Python Execution Speed & Debugging Project
Python is a core language supported by QuantConnect, yet operates at roughly 1/10th the speed of its C# counterpart. We would like to bring these two languages to near parity with an in-depth analysis of each piece of the speed delay and point by point improvement.
LEAN is a C# algorithmic trading engine which is able to import python algorithms thanks to our fork of PythonNet. PythonNet translates the C# classes into the Python domain and carries across all the financial data needed. Although a single interaction with PythonNet is relatively fast; triggering this event millions of times is slow.
Over 6 months the LEAN core team has investigated various technologies to achieve better debugging and better execution speeds. These designs included:
- Writing LEAN as a C++ library, imported to a C# and Python runner.
- Re-writing LEAN in CPython.
- Improving the PythonNet implementation.
The core requirements were: #1 Debugging. #2 Best Possible Speeds. Over time we tested every technology implementing hello world examples and benchmarking them. We dove into the Python-C API and discovered that PythonNet was invoking the same calls we would need to call for a native C++ implementation and that a CPython implementation was much slower compared to invoking the C-API directly.
Given these lessons: we have narrowed our focus to improve and optimize the LEAN-PythonNet interaction. The nice side effect of this is that we don't require a massive code rewrite of LEAN, it is a fairly low-risk way to make LEAN and Python better. There are three core concepts we can focus on for the most immediate results, similar to recycling! Reduce-Reuse-Recycle! :)

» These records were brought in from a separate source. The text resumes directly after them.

lemma Phi_comp:
  assumes g: "g \<in> WD m" and h: "h \<in> WD m"
  shows "Phi m (h \<circ> g) x = Phi m g (Phi m h x)"
proof
  fix j
  have g': "signed_perm m g" and h': "signed_perm m h"
    using g h WD_signed_perm by auto
  have hg: "signed_perm m (h \<circ> g)"
    by (rule signed_perm_comp[OF h' g'])
  consider "j = -1" | "j = 0" | "j \<in> {1..int m}" | "j \<notin> {-1..int m}" by fastforce
  then show "Phi m (h \<circ> g) x j = Phi m g (Phi m h x) j"
  proof cases
    case 1
    then show ?thesis
      by (simp add: Phi_minus_one[OF g'] Phi_minus_one[OF h'] Phi_minus_one[OF hg])
  next
    case 2
    have "(\<Sum>i\<in>{1..int m}. if inv g i < 0 then Phi m h x i else 0) =
       (\<Sum>i\<in>{1..int m}. (if inv g i < 0 then (if h i < 0 then - x (- h i) else x (h i)) else 0)
          - x (-1) * (if inv g i < 0 \<and> h i < 0 then 1 else 0))"
      by (intro sum.cong) (auto simp: Phi_pos[OF h'])
    then have "(\<Sum>i\<in>{1..int m}. if inv g i < 0 then Phi m h x i else 0) =
       (\<Sum>i\<in>{1..int m}. if inv g i < 0 then (if h i < 0 then - x (- h i) else x (h i)) else 0)
       - x (-1) * (\<Sum>i\<in>{1..int m}. if inv g i < 0 \<and> h i < 0 then 1 else 0)"
      by (simp add: sum_subtractf sum_distrib_left)
    then show ?thesis
      using 2 by (simp add: Phi_zero[OF hg] Phi_zero[OF g'] Phi_zero[OF h'] Phi_minus_one[OF h']
          sum_neg_inv_comp[OF g' h'] half_tcount_comp[OF g h] algebra_simps)
  next
    case 3
    then have "\<bar>g j\<bar> \<in> {1..int m}" "h (- g j) = - h (g j)"
      using signed_perm_abs_mem[OF g'] signed_perm_minus[OF h'] by auto
    then show ?thesis
      using 3 signed_perm_nonzero[OF h', of "- g j"] signed_perm_nonzero[OF h', of "g j"]
      by (auto simp: Phi_pos[OF g'] Phi_pos[OF h'] Phi_pos[OF hg] Phi_minus_one[OF h'] abs_if
          split: if_splits)
  next
    case 4
    then show ?thesis
      by (simp add: Phi_outside[OF g'] Phi_outside[OF hg])
  qed
qed
(* Let $W\subseteq K_n$ be a $k$-wheel with vertex set $V$ and center $v_0$. (i) If $v_0=\min V$, label the spokes so that $W=W(v_0;v_1,\dots,v_k)$ with $v_1=\max\{v_1,\dots,v_k\}$ and $v_2>v_k$. Then $LT(W)=(\mathrm{Rd}(W)\setminus\{v_0v_1\})\cup\{v_kv_1\}$. (ii) If $v_0=\max V$, label the spokes so that $W=W(v_0;v_1,\dots,v_k)$ with $v_1v_2$ the $\succ$-smallest chord of $W$ and $v_1>v_2$. Then $LT(W)=(\mathrm{Ch}(W)\setminus\{v_1v_2\})\cup\{v_0v_2\}$.
   Context: For $k\ge 3$ and distinct vertices $v_0,\dots,v_k\in[1,n]$, the $k$-wheel $W(v_0;v_1,\dots,v_k)$ has center $v_0$, radii $\mathrm{Rd}(W)=\{v_0v_i:1\le i\le k\}$ and chords $\mathrm{Ch}(W)=\{v_iv_{i+1}:1\le i\le k\}$ with $v_{k+1}=v_1$. A coupled tree of $W$ is a spanning tree $T\subseteq E(W)$ of $V(W)$ whose complement $E(W)\setminus T$ is also a spanning tree. Order the edges of $K_n$ totally by $12\succ13\succ\dots\succ1n\succ23\succ\dots\succ n{-}1\,n$ (for $a<b$, $c<d$: $ab\succ cd$ iff $a<c$, or $a=c$ and $b<d$). Extend to edge sets: $E\succ F$ iff $|E|>|F|$, or $|E|=|F|$ and the $\succ$-largest element of $E\triangle F$ lies in $E$. The leading tree $LT(W)$ is the $\succ$-largest coupled tree of $W$. *)

theory Defs
  imports Main
begin

text \<open>Vertices are natural numbers; an edge is a two-element set of vertices.\<close>

definition edge_conn :: "nat set set \<Rightarrow> (nat \<times> nat) set" where
  "edge_conn T = {(x, y). {x, y} \<in> T}"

Find or create python-native translations of C# types to improve the conversion speed. E.g. Instead of using a C# Decimal in Python; cast it to a Python double. Instead of translating the CoarseFundamental object millions of times, create an equivalent in python and transmit the simple type to the algorithm.
Reuse "border crossings"; points where the C# objects are translated into python ones; or the Python method is invoked. These points can often be optimized to reuse the object instead of re-creating it each time. The expensive reflection process of obtaining a reference to OnData, for example, can easily be cached and reused forever. When the AlgorithmManager invoked "algorithm.OnData" there was a heavy reflection process being started under the surface which we should avoid (e.g. Reuse method )
Reduce border crossings by re-engineering class/eventing call architecture. The python method invocation overhead is currently being paid millions of times. There could be substantial improvements from re-architecting parts of LEAN to process some data in a batch form, potentially sending over larger "chunks" of data. This would reduce the number of border crossings. (e.g. Reduce crossings )
Install LEAN with Python
- Install LEAN.
- Get LEAN working with Python.
- Get a set of sample data provided through QuantConnect website.
- Draft a test algorithm exploiting the QC API in Python.
- Benchmark your performance - always record 3 values.
Install PythonNet Fork
Find Improvements - Make PR
- Look deeply into how LEAN works,
- Analyze the calls to PythonNet, find hot spots in your favorite optimization tool.
- Reduce python calls as much as possible, reuse objects.
- Test your fix. Submit a PR to LEAN or QuantConnect/PythonNet
Pull requests much pass the regression tests. Before merging we will also test them on the full cloud regression test to make sure its not a breaking change.